§ **Work to complete**:
The required output is the line containing "j) - 1) * Y) \<in>" followed by every later line through the end of the data, all reproduced exactly.

(Stored data)
abbreviation code_L :: "'f mpoly set" where
  "code_L \<equiv> gen_code r (\<lambda>k. map_poly \<pi> (ts k)) t (\<lambda>i. Poly_Mapping.map \<pi> (G i))"

lemma reduced_residue_iff:
  "reduced r (\<lambda>k. map_poly \<pi> (ts k)) p \<longleftrightarrow> Poly_Mapping.keys p \<subseteq> exponent_box r (\<lambda>k. degree (ts k))"
  unfolding reduced_iff_keys_subset exponent_box_def using degree_map_poly_monic[OF hom monic] by simp

lemma map_mem_code_L_if_mem_ideal_I: "x \<in> ideal_I r ts \<Longrightarrow> Poly_Mapping.map \<pi> x \<in> code_L"
  by (rule ideal_I_subset_gen_code[OF map_mem_ideal_I[OF hom]])

lemma map_mult_mem_code_L_if_kills_generators:
  assumes Y: "Y \<in> mpolys r" and aY: "const_mpoly (a ^ (t - 1)) * Y \<in> code_K"
    and u: "u \<in> mpolys r" and kills: "\<And>i. i \<in> {1..t} \<Longrightarrow> u * G i \<in> ideal_I r ts"
  shows "Poly_Mapping.map \<pi> (u * Y) \<in> code_L"
proof -
  have "u * (const_mpoly (a ^ (t - 1)) * Y) \<in> ideal_I r ts"
  proof (rule mult_mem_ideal_I_if_kills_generators[OF u _ aY])
    fix i assume "i \<in> {1..t}"
    then have "const_mpoly (a ^ (i - 1)) * (u * G i) \<in> ideal_I r ts"
      by (intro mpoly_ideal_mult_left[OF mpoly_ideal_ideal_I mpolys_const] kills)
    then show "u * (const_mpoly (a ^ (i - 1)) * G i) \<in> ideal_I r ts"
      by (simp add: mult.left_commute)
  qed
  then have "Poly_Mapping.map \<pi> (u * Y) \<in> ideal_I r (\<lambda>k. map_poly \<pi> (ts k))"
    using u Y by (intro map_mem_ideal_I_if_top_power_mult_mem[OF monic]) (simp_all add: mult.left_commute)
  then show ?thesis
    by (rule ideal_I_subset_gen_code)
qed

lemma map_mult_mem_code_L_if_kills_others:
  assumes j: "j \<in> {1..t}" and Y: "Y \<in> mpolys r" and u: "u \<in> mpolys r"
    and others: "\<And>i. i \<le> t \<Longrightarrow> i \<noteq> j \<Longrightarrow> u * G i \<in> ideal_I r ts"
  shows "Poly_Mapping.map \<pi> (u * Y) \<in> code_L"
proof -
  obtain w where w: "w \<in> mpolys r" "u - w * G j \<in> ideal_I r ts"
    using exists_multiple_of_generator[of j u] j u others by auto
  have "u * Y = (w * Y) * G j + (u - w * G j) * Y" by (simp add: algebra_simps)
  then have "Poly_Mapping.map \<pi> (u * Y) =
      Poly_Mapping.map \<pi> (w * Y) * Poly_Mapping.map \<pi> (G j) + Poly_Mapping.map \<pi> ((u - w * G j) * Y)"
    by (simp add: poly_mapping_map_add[OF hom] poly_mapping_map_mult[OF hom])
  also have "\<dots> \<in> code_L"
    using w Y j
    by (intro mpoly_ideal_add[OF mpoly_ideal_gen_code] gen_code_generator mpolys_map[OF hom]
        map_mem_code_L_if_mem_ideal_I mpoly_ideal_mult_right[OF mpoly_ideal_ideal_I]) simp_all
  finally show ?thesis .
qed

lemma map_mem_code_L_if_top_power_mult_mem_code_K:
  assumes Y: "Y \<in> mpolys r" and aY: "const_mpoly (a ^ (t - 1)) * Y \<in> code_K"
  shows "Poly_Mapping.map \<pi> Y \<in> code_L"
proof -
  obtain u where u_mpolys: "\<And>j. j \<le> t \<Longrightarrow> u j \<in> mpolys r"
    and u_others: "\<And>i j. i \<le> t \<Longrightarrow> j \<le> t \<Longrightarrow> i \<noteq> j \<Longrightarrow> u j * G i \<in> ideal_I r ts"
    and u_sum: "(\<Sum>j\<in>{0..t}. u j) - 1 \<in> ideal_I r ts"
    using exists_separators by blast
  have "Y = u 0 * Y + (\<Sum>j\<in>{1..t}. u j * Y) - ((\<Sum>j\<in>{0..t}. u j) - 1) * Y"
    by (simp add: sum.atLeast_Suc_atMost sum_distrib_left sum_distrib_right algebra_simps)
  then have "Poly_Mapping.map \<pi> Y = Poly_Mapping.map \<pi> (u 0 * Y) + (\<Sum>j\<in>{1..t}. Poly_Mapping.map \<pi> (u j * Y))
      - Poly_Mapping.map \<pi> (((\<Sum>j\<in>{0..t}. u j) - 1) * Y)"
    by (metis poly_mapping_map_add[OF hom] poly_mapping_map_diff[OF hom] poly_mapping_map_sum[OF hom])
  also have "\<dots> \<in> code_L"
  proof (intro mpoly_ideal_diff[OF mpoly_ideal_gen_code] mpoly_ideal_add[OF mpoly_ideal_gen_code]
      mpoly_ideal_sum[OF mpoly_ideal_gen_code])
    show "Poly_Mapping.map \<pi> (u 0 * Y) \<in> code_L"
      using u_mpolys u_others by (intro map_mult_mem_code_L_if_kills_generators[OF Y aY]) auto
    show "Poly_Mapping.map \<pi> (u j * Y) \<in> code_L" if "j \<in> {1..t}" for j
      using that u_mpolys u_others by (intro map_mult_mem_code_L_if_kills_others[OF that Y]) auto
    show "Poly_Mapping.map \<pi> (((\<Sum>j\<in>{0..t}. u j) - 1) * Y) \<in> code_L"
      by (rule map_mem_code_L_if_mem_ideal_I[OF mpoly_ideal_mult_right[OF mpoly_ideal_ideal_I Y u_sum]])
  qed
  finally show ?thesis .
qed

lemma top_power_mult_mem_code_K_if_map_mem_code_L:
  assumes "Poly_Mapping.map \<pi> Y \<in> code_L"
  shows "const_mpoly (a ^ (t - 1)) * Y \<in> code_K"
proof -
  obtain X where X: "X \<in> gen_code r ts t G" "Poly_Mapping.map \<pi> X = Poly_Mapping.map \<pi> Y"
    using gen_code_map_preimage[OF hom surj assms] by blast
  then have "Poly_Mapping.map \<pi> (Y - X) = 0"
    by (simp add: poly_mapping_map_diff[OF hom])
  then have "const_mpoly (a ^ (t - 1)) * (Y - X) = 0"
    by (simp only: top_power_mult_eq_0_iff_map)
  then have "const_mpoly (a ^ (t - 1)) * Y = const_mpoly (a ^ (t - 1)) * X"
    by (simp add: right_diff_distrib)
  also have "\<dots> \<in> code_K"
    by (rule top_power_mult_mem_gen_code[OF X(1)])
  finally show ?thesis .
qed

§ **Solution**:
    show "Poly_Mapping.map \<pi> (((\<Sum>j\<in>{0..t}. u j) - 1) * Y) \<in> code_L"
      by (rule map_mem_code_L_if_mem_ideal_I[OF mpoly_ideal_mult_right[OF mpoly_ideal_ideal_I Y u_sum]])
  qed
  finally show ?thesis .
qed

lemma top_power_mult_mem_code_K_if_map_mem_code_L:
  assumes "Poly_Mapping.map \<pi> Y \<in> code_L"
  shows "const_mpoly (a ^ (t - 1)) * Y \<in> code_K"
proof -
  obtain X where X: "X \<in> gen_code r ts t G" "Poly_Mapping.map \<pi> X = Poly_Mapping.map \<pi> Y"
    using gen_code_map_preimage[OF hom surj assms] by blast
  then have "Poly_Mapping.map \<pi> (Y - X) = 0"
    by (simp add: poly_mapping_map_diff[OF hom])
  then have "const_mpoly (a ^ (t - 1)) * (Y - X) = 0"
    by (simp only: top_power_mult_eq_0_iff_map)
  then have "const_mpoly (a ^ (t - 1)) * Y = const_mpoly (a ^ (t - 1)) * X"
    by (simp add: right_diff_distrib)
  also have "\<dots> \<in> code_K"
    by (rule top_power_mult_mem_gen_code[OF X(1)])
  finally show ?thesis .
qed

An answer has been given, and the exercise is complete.